Show every line in the entries below where the word "carrier" appears.

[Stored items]
-*-

lemma primary_component_subgroup: "subgroup (primary_component G p) G"
proof (rule subgroupI)
  show "primary_component G p \<subseteq> carrier G" "primary_component G p \<noteq> {}"
    by (auto simp: primary_component_def intro!: exI[of _ \<one>])
next
  fix a assume "a \<in> primary_component G p"
  then show "inv a \<in> primary_component G p"
    by (auto simp: primary_component_def nat_pow_inv)
next
  fix a b assume "a \<in> primary_component G p" "b \<in> primary_component G p"
  then obtain k l where a: "a \<in> carrier G" "a [^] (p ^ k) = \<one>"
    and b: "b \<in> carrier G" "b [^] (p ^ l) = \<one>"
    by (auto simp: primary_component_def)
  have "(a \<otimes> b) [^] (p ^ (k + l)) = \<one>"
    using pow_prime_power_eq_one_mono[OF a] pow_prime_power_eq_one_mono[OF b] a b
    by (simp add: nat_pow_distrib)
  then show "a \<otimes> b \<in> primary_component G p"
    using a b by (auto simp: primary_component_def)
qed

lemma primary_component_root:
  assumes "b \<in> carrier G" "b [^] (p::nat) \<in> primary_component G p"
  shows "b \<in> primary_component G p"
proof -
  obtain k where "(b [^] p) [^] (p ^ k) = \<one>"
    using assms(2) by (auto simp: primary_component_def)
  then have "b [^] (p ^ Suc k) = \<one>"
    using assms(1) by (simp add: nat_pow_pow)
  then show ?thesis
    using assms(1) unfolding primary_component_def by blast
qed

-*-

Finished task:
  show "primary_component G p \<subseteq> carrier G" "primary_component G p \<noteq> {}"
  then obtain k l where a: "a \<in> carrier G" "a [^] (p ^ k) = \<one>"
    and b: "b \<in> carrier G" "b [^] (p ^ l) = \<one>"
  assumes "b \<in> carrier G" "b [^] (p::nat) \<in> primary_component G p"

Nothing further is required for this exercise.